El enorme cuerpo del Dalamadur bloqueó el sol, proyectando una sombra sobre el grupo, su inmensa presencia pesando sobre todos. Sus pupilas verticales verde esmeralda brillaban con malicia, y dejó escapar un rugido ensordecedor.

—¡Entreguen a ese maldito Pixiu!

Taejin Yun y sus compañeros reconocieron de inmediato al Dalamadur como la poderosa bestia demoníaca del Cañón Dalamadur. Se rumoreaba que el linaje de Dalamadur tenía una enemistad de larga data con los Pixius, aunque la razón exacta no estaba clara. Pero ¿por qué este Dalamadur pensaba que el Pixiu estaba con ellos?

—Su Excelencia, debe estar equivocado. Pixiu no está con nosotros. Nosotros también lo estamos buscando —explicó Taejin Yun. No tenía deseo de hacer un enemigo del Dalamadur en su propio territorio.

—¡Rechaza, y morirás! —la voz atronadora del Dalamadur reverberó en sus oídos, con un tono tiránico.

Las expresiones de todos en el grupo cambiaron al sentir la palpable intención asesina que irradiaba del Dalamadur.

—Si nos matas, estarás enemistándote con las sectas mayores del Continente Vacío Místico. Piensa cuidadosamente antes de actuar —declaró Yeonseon Yang con orgullo, sin mostrar ninguna señal de debilidad a pesar de la fuerza superior del Dalamadur.

—¿Quién eres tú? —los ojos verdes del Dalamadur brillaban ominosamente, su intención asesina no disminuida.

—Yeonseon Yang de la Secta Uno Eterno.

—Hayeon Ren de la Secta de la Doncella Divina.

—Hyunwoo Chen del Valle de la Refinación de Artefactos.

Seojin Feng:

—…

Seojin Feng permaneció en silencio porque la reputación del Valle Domador Bestias entre las bestias demoníacas estaba lejos de ser buena. No solo en el Continente Vacío Místico, muchas bestias demoníacas en el campo de batalla del diablo también habían oído hablar de ellos, y hablar ahora podría solo enfurecer aún más a esta bestia demoníaca.

Taejin Yun también permaneció callado. Su Ciudad Madera Armoniosa tenía cierto reconocimiento en el Continente Vacío Místico, pero frente a las bestias demoníacas, no era nada. Los nombres de las tres sectas mayores eran de hecho bien conocidos para el Dalamadur. Estaba contemplando si matarlos a todos, pero a menos que pudiera dejar sin sobrevivientes, no le iría bien si las noticias llegaran a las tres sectas.

—¿Hmph, están tratando de amenazarme? —Dalamadur resopló, un tenue humo negro escapando de sus fosas nasales.

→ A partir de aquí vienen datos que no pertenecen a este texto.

(* Let $(A,\mathit{Con},\mid\!\sim)$ be an abstract nonmonotonic system and $(B,\mathit{Con}^*,\Delta)$ the normal default structure constructed from it as described in the context. If $P,Q\in\mathit{Con}$ satisfy $Q\subseteq P\subseteq\widetilde{Q}$, then $\widetilde{Q}\cup\{[Q]\}$ is an extension of $P$ in $(B,\mathit{Con}^*,\Delta)$.
   Context: An abstract nonmonotonic system is a triple $(A,\mathit{Con},\mid\!\sim)$ where $\mathit{Con}$ is a collection of finite subsets of $A$ and $\mid\!\sim\ \subseteq\mathit{Con}\times\mathit{Con}$, satisfying: (1) $X\subseteq Y\in\mathit{Con}\Rightarrow X\in\mathit{Con}$; (2) $a\in A\Rightarrow\{a\}\in\mathit{Con}$; (3) $X\mid\!\sim T\Rightarrow X\cup T\in\mathit{Con}$; (4) $Y\subseteq X\Rightarrow X\mid\!\sim Y$; (5) $X\mid\!\sim T$ and $T\cup X\mid\!\sim Y$ imply $X\mid\!\sim Y$; (6) $X\mid\!\sim Y$ and $X\mid\!\sim Z$ imply $X\mid\!\sim Y\cup Z$. Write $X\mid\!\sim a$ for $X\mid\!\sim\{a\}$, and $\widetilde{X}:=\{t\mid X\mid\!\sim\{t\}\}$. Construction: $B:=A\cup\{[X]\mid X\in\mathit{Con}\}$, where $[X]$ are new pairwise distinct tokens. $\Delta:=\{\frac{X:[X]}{[X]}\mid X\in\mathit{Con}\}\cup\{\frac{\{[X]\}:a}{a}\mid X\mid\!\sim a,\ a\notin X\}$. For finite $W\subseteq B$, $W\in\mathit{Con}^*$ iff (i) $W\cap A\in\mathit{Con}$; (ii) $W$ contains at most one token of the form $[X]$; (iii) if $[X]\in W$ then $X\mid\!\sim W\setminus\{[X]\}$. An arbitrary subset of $B$ is consistent if all its finite subsets are in $\mathit{Con}^*$. Extensions in $(B,\mathit{Con}^*,\Delta)$: for consistent $x\subseteq B$ and $S\subseteq B$, $\phi(x,S,0)=x$, $\phi(x,S,i+1)=\phi(x,S,i)\cup\{a\mid\frac{X:a}{a}\in\Delta,\ X\subseteq\phi(x,S,i),\ \{a\}\cup S\text{ consistent}\}$, $\Phi(x,S)=\bigcup_i\phi(x,S,i)$; $y$ is an extension of $x$ if $\Phi(x,y)=y$. *)

theory Defs
  imports Main
begin

definition ans :: "'a set \<Rightarrow> 'a set set \<Rightarrow> ('a set \<Rightarrow> 'a set \<Rightarrow> bool) \<Rightarrow> bool" where
  "ans A Con rel \<longleftrightarrow>
     (\<forall>X\<in>Con. finite X \<and> X \<subseteq> A) \<and>
     (\<forall>X Y. rel X Y \<longrightarrow> X \<in> Con \<and> Y \<in> Con) \<and>
     (\<forall>X Y. X \<subseteq> Y \<and> Y \<in> Con \<longrightarrow> X \<in> Con) \<and>
     (\<forall>a\<in>A. {a} \<in> Con) \<and>
     (\<forall>X T. rel X T \<longrightarrow> X \<union> T \<in> Con) \<and>
     (\<forall>X Y. X \<in> Con \<and> Y \<subseteq> X \<longrightarrow> rel X Y) \<and>
     (\<forall>X T Y. rel X T \<and> rel (T \<union> X) Y \<longrightarrow> rel X Y) \<and>
     (\<forall>X Y Z. rel X Y \<and> rel X Z \<longrightarrow> rel X (Y \<union> Z))"

definition tilde :: "('a set \<Rightarrow> 'a set \<Rightarrow> bool) \<Rightarrow> 'a set \<Rightarrow> 'a set" where
  "tilde rel X = {t. rel X {t}}"

text \<open>Tokens of B: elements of A (Atom a) and new tokens [X] (Brk X).\<close>
datatype 'a tok = Atom 'a | Brk "'a set"

definition atoms :: "'a tok set \<Rightarrow> 'a set" where
  "atoms W = {a. Atom a \<in> W}"

definition Bset :: "'a set \<Rightarrow> 'a set set \<Rightarrow> 'a tok set" where
  "Bset A Con = Atom ` A \<union> Brk ` Con"

text \<open>Defaults are normal: a pair (X, a) stands for the default X:a/a.\<close>
definition Delta :: "'a set set \<Rightarrow> ('a set \<Rightarrow> 'a set \<Rightarrow> bool) \<Rightarrow> ('a tok set \<times> 'a tok) set" where
  "Delta Con rel =
     {(Atom ` X, Brk X) | X. X \<in> Con} \<union>
     {({Brk X}, Atom a) | X a. rel X {a} \<and> a \<notin> X}"

definition ConStar :: "'a set \<Rightarrow> 'a set set \<Rightarrow> ('a set \<Rightarrow> 'a set \<Rightarrow> bool) \<Rightarrow> 'a tok set \<Rightarrow> bool" where
  "ConStar A Con rel W \<longleftrightarrow>
     finite W \<and> W \<subseteq> Bset A Con \<and>
     atoms W \<in> Con \<and>
     (\<forall>X Y. Brk X \<in> W \<and> Brk Y \<in> W \<longrightarrow> X = Y) \<and>
     (\<forall>X. Brk X \<in> W \<longrightarrow> rel X (atoms (W - {Brk X})))"

definition consistentB :: "'a set \<Rightarrow> 'a set set \<Rightarrow> ('a set \<Rightarrow> 'a set \<Rightarrow> bool) \<Rightarrow> 'a tok set \<Rightarrow> bool" where
  "consistentB A Con rel x \<longleftrightarrow> (\<forall>W. finite W \<and> W \<subseteq> x \<longrightarrow> ConStar A Con rel W)"

primrec phi :: "'a set \<Rightarrow> 'a set set \<Rightarrow> ('a set \<Rightarrow> 'a set \<Rightarrow> bool) \<Rightarrow> 'a tok set \<Rightarrow> 'a tok set \<Rightarrow> nat \<Rightarrow> 'a tok set" where
  "phi A Con rel x S 0 = x"
| "phi A Con rel x S (Suc i) = phi A Con rel x S i \<union>
     {a. \<exists>X. (X, a) \<in> Delta Con rel \<and> X \<subseteq> phi A Con rel x S i \<and>
            consistentB A Con rel (insert a S)}"

definition Phi :: "'a set \<Rightarrow> 'a set set \<Rightarrow> ('a set \<Rightarrow> 'a set \<Rightarrow> bool) \<Rightarrow> 'a tok set \<Rightarrow> 'a tok set \<Rightarrow> 'a tok set" where
  "Phi A Con rel x S = (\<Union>i. phi A Con rel x S i)"

definition is_extension :: "'a set \<Rightarrow> 'a set set \<Rightarrow> ('a set \<Rightarrow> 'a set \<Rightarrow> bool) \<Rightarrow> 'a tok set \<Rightarrow> 'a tok set \<Rightarrow> bool" where
  "is_extension A Con rel x y \<longleftrightarrow> consistentB A Con rel x \<and> Phi A Con rel x y = y"

end

theory Submission
  imports Defs
begin

text \<open>Write y for the set of tokens of the tilde-closure of Q together with [Q]. The set y is
  consistent because, by cumulation (6), Q entails every finite subset of its tilde-closure.
  Starting from P, the default Q:[Q]/[Q] fires at the first stage (as Q is contained in P),
  and then every default {[Q]}:t/t with t in the closure fires at the second, so y is contained
  in Phi(P, y). Conversely, y is closed under every default applicable relative to y: a
  consistent set contains at most one token of the form [Z], so such a default produces either
  [Q] itself or an element of the closure of Q.\<close>

lemma finite_atoms: "finite W \<Longrightarrow> finite (atoms W)"
  unfolding atoms_def by (rule finite_vimageI[of W Atom, simplified vimage_def]) (auto simp: inj_def)

lemma atoms_Diff_Brk [simp]: "atoms (W - {Brk X}) = atoms W"
  unfolding atoms_def by auto

lemma consistentB_Brk_unique:
  assumes "consistentB A Con rel x" "Brk X \<in> x" "Brk Y \<in> x"
  shows "X = Y"
proof -
  have "ConStar A Con rel {Brk X, Brk Y}"
    using assms unfolding consistentB_def by simp
  then show ?thesis unfolding ConStar_def by blast
qed

lemma phi_Suc_memI:
  "(X, a) \<in> Delta Con rel \<Longrightarrow> X \<subseteq> phi A Con rel x S i \<Longrightarrow> consistentB A Con rel (insert a S)
    \<Longrightarrow> a \<in> phi A Con rel x S (Suc i)"
  by auto

lemma Phi_memI: "a \<in> phi A Con rel x S i \<Longrightarrow> a \<in> Phi A Con rel x S"
  unfolding Phi_def by blast

lemma Phi_subset_closed:
  assumes "x \<subseteq> y"
    and closed: "\<And>X a. (X, a) \<in> Delta Con rel \<Longrightarrow> X \<subseteq> y \<Longrightarrow> consistentB A Con rel (insert a S)
      \<Longrightarrow> a \<in> y"
  shows "Phi A Con rel x S \<subseteq> y"
proof -
  have "phi A Con rel x S i \<subseteq> y" for i
    by (induction i) (use assms(1) closed in auto)
  then show ?thesis unfolding Phi_def by blast
qed

lemma tilde_Brk_closed_under_Delta:
  assumes "(X, a) \<in> Delta Con rel" "X \<subseteq> Atom ` tilde rel Q \<union> {Brk Q}"
    and "consistentB A Con rel (insert a (Atom ` tilde rel Q \<union> {Brk Q}))"
  shows "a \<in> Atom ` tilde rel Q \<union> {Brk Q}"
proof -
  from assms(1) consider Z where "X = Atom ` Z" "a = Brk Z"
    | Z b where "X = {Brk Z}" "a = Atom b" "rel Z {b}"
    unfolding Delta_def by blast
  then show ?thesis
  proof cases
    case 1
    then have "Z = Q" using consistentB_Brk_unique[OF assms(3)] by blast
    with 1 show ?thesis by blast
  next
    case 2
    then have "Z = Q" using assms(2) by blast
    with 2 show ?thesis by (simp add: tilde_def)
  qed
qed

context
  fixes A :: "'a set" and Con :: "'a set set" and rel :: "'a set \<Rightarrow> 'a set \<Rightarrow> bool"
  assumes ans: "ans A Con rel"
begin

lemma Con_subset: "X \<in> Con \<Longrightarrow> X \<subseteq> A"
  using ans unfolding ans_def by metis

lemma Con_downward_closed: "X \<subseteq> Y \<Longrightarrow> Y \<in> Con \<Longrightarrow> X \<in> Con"
  using ans unfolding ans_def by metis

lemma rel_Un_Con: "rel X T \<Longrightarrow> X \<union> T \<in> Con"
  using ans unfolding ans_def by metis

lemma rel_subset: "X \<in> Con \<Longrightarrow> Y \<subseteq> X \<Longrightarrow> rel X Y"
  using ans unfolding ans_def by metis

lemma rel_Un: "rel X Y \<Longrightarrow> rel X Z \<Longrightarrow> rel X (Y \<union> Z)"
  using ans unfolding ans_def by metis

lemma tilde_subset: "tilde rel Q \<subseteq> A"
  using rel_Un_Con Con_subset unfolding tilde_def by blast

lemma rel_finite_subset_tilde:
  assumes "Q \<in> Con" "finite F" "F \<subseteq> tilde rel Q"
  shows "rel Q F"
  using assms(2,3)
proof (induction F rule: finite_induct)
  case empty
  then show ?case using rel_subset[OF assms(1)] by blast
next
  case (insert t F)
  then have "rel Q ({t} \<union> F)" by (intro rel_Un) (auto simp: tilde_def)
  then show ?case by simp
qed

lemma consistentB_Atom_image:
  assumes "P \<in> Con"
  shows "consistentB A Con rel (Atom ` P)"
  unfolding consistentB_def ConStar_def
proof (intro allI impI, intro conjI)
  fix W assume W: "finite W \<and> W \<subseteq> Atom ` P"
  then show "finite W" "W \<subseteq> Bset A Con"
    using Con_subset[OF assms] unfolding Bset_def by blast+
  have "atoms W \<subseteq> P"
    using W by (auto simp: atoms_def)
  then show "atoms W \<in> Con"
    using assms by (rule Con_downward_closed)
  show "\<forall>X Y. Brk X \<in> W \<and> Brk Y \<in> W \<longrightarrow> X = Y" "\<forall>X. Brk X \<in> W \<longrightarrow> rel X (atoms (W - {Brk X}))"
    using W by blast+
qed

lemma consistentB_tilde_Brk:
  assumes "Q \<in> Con"
  shows "consistentB A Con rel (Atom ` tilde rel Q \<union> {Brk Q})"
  unfolding consistentB_def ConStar_def
proof (intro allI impI, intro conjI)
  fix W assume W: "finite W \<and> W \<subseteq> Atom ` tilde rel Q \<union> {Brk Q}"
  have Q_atoms: "rel Q (atoms W)"
    using W by (intro rel_finite_subset_tilde[OF assms] finite_atoms) (auto simp: atoms_def)
  have "Atom ` tilde rel Q \<union> {Brk Q} \<subseteq> Bset A Con"
    using tilde_subset assms unfolding Bset_def by blast
  with W show "finite W" "W \<subseteq> Bset A Con" by blast+
  show "atoms W \<in> Con"
    using rel_Un_Con[OF Q_atoms] by (rule Con_downward_closed[rotated]) blast
  show "\<forall>X Y. Brk X \<in> W \<and> Brk Y \<in> W \<longrightarrow> X = Y" using W by blast
  show "\<forall>X. Brk X \<in> W \<longrightarrow> rel X (atoms (W - {Brk X}))"
  proof (intro allI impI)
    fix X assume "Brk X \<in> W"
    with W have "X = Q" by blast
    with Q_atoms show "rel X (atoms (W - {Brk X}))" by simp
  qed
qed

end

theorem lemma3:
  assumes "ans A Con rel"
    and "P \<in> Con" and "Q \<in> Con"
    and "Q \<subseteq> P" and "P \<subseteq> tilde rel Q"
  shows "is_extension A Con rel (Atom ` P) (Atom ` tilde rel Q \<union> {Brk Q})"
proof -
  let ?y = "Atom ` tilde rel Q \<union> {Brk Q}"
  let ?phi = "phi A Con rel (Atom ` P) ?y"
  have y_consistent: "consistentB A Con rel ?y"
    using assms(1,3) by (rule consistentB_tilde_Brk)
  have "Phi A Con rel (Atom ` P) ?y \<subseteq> ?y"
    using assms(5) tilde_Brk_closed_under_Delta by (intro Phi_subset_closed) blast+
  moreover have "?y \<subseteq> Phi A Con rel (Atom ` P) ?y"
  proof -
    have Q_tokens: "Atom ` Q \<subseteq> ?phi 0"
      using assms(4) by auto
    have Brk_Q: "Brk Q \<in> ?phi (Suc 0)"
      using assms(3) Q_tokens y_consistent
      by (intro phi_Suc_memI[of "Atom ` Q"]) (auto simp: Delta_def insert_absorb)
    have tilde_tokens: "Atom t \<in> ?phi (Suc (Suc 0))" if "t \<in> tilde rel Q" "t \<notin> Q" for t
      using that Brk_Q y_consistent
      by (intro phi_Suc_memI[of "{Brk Q}"]) (auto simp: Delta_def tilde_def insert_absorb)
    show ?thesis
    proof
      fix b assume "b \<in> ?y"
      then consider "b = Brk Q" | t where "b = Atom t" "t \<in> Q"
        | t where "b = Atom t" "t \<in> tilde rel Q" "t \<notin> Q"
        by blast
      then show "b \<in> Phi A Con rel (Atom ` P) ?y"
        by cases (use Q_tokens Brk_Q tilde_tokens in \<open>blast intro: Phi_memI\<close>)+
    qed
  qed
  ultimately show ?thesis
    using consistentB_Atom_image[OF assms(1,2)] unfolding is_extension_def by blast
qed

end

—Todos estamos buscando al Pixiu. Si empezamos a matarnos entre nosotros, ¿no estaríamos jugando en manos del enemigo? —La expresión de Yeonseon Yang era calma y compuesta, como si fuera un igual en fuerza a Dalamadur.

Dalamadur replicó con enojo, —Dices que estás buscando al Pixiu, pero claramente sentí que su aura desaparecía en tu dirección.

—Eso es imposible —Taejin Yun lo negó reflexivamente. El Pixiu que estaban siguiendo estaba adelante y a su derecha. Incluso si Dalamadur había detectado su aura, no podía estar delante de ellos.

—¿Y quién eres tú para afirmar que eso es imposible? —Dalamadur dijo furiosamente, como si este humano se atreviera a llamarlo mentiroso.

—El Pixiu cayó en mi trampa; puedo rastrear su ubicación —Taejin Yun, sintiendo la intención de asesinato de Dalamadur, rápidamente reveló su carta de triunfo.

Las pupilas de Dalamadur se dilataron al instante. Su enorme cuerpo de serpiente desapareció, y en un abrir y cerrar de ojos, un hombre vestido de verde apareció frente a Taejin Yun, agarrándole la garganta. —¿Es eso así? Pixiu tiene una Perla de Aliento—¿cómo podrías rastrearlo?

¡Esta era la diferencia de poder!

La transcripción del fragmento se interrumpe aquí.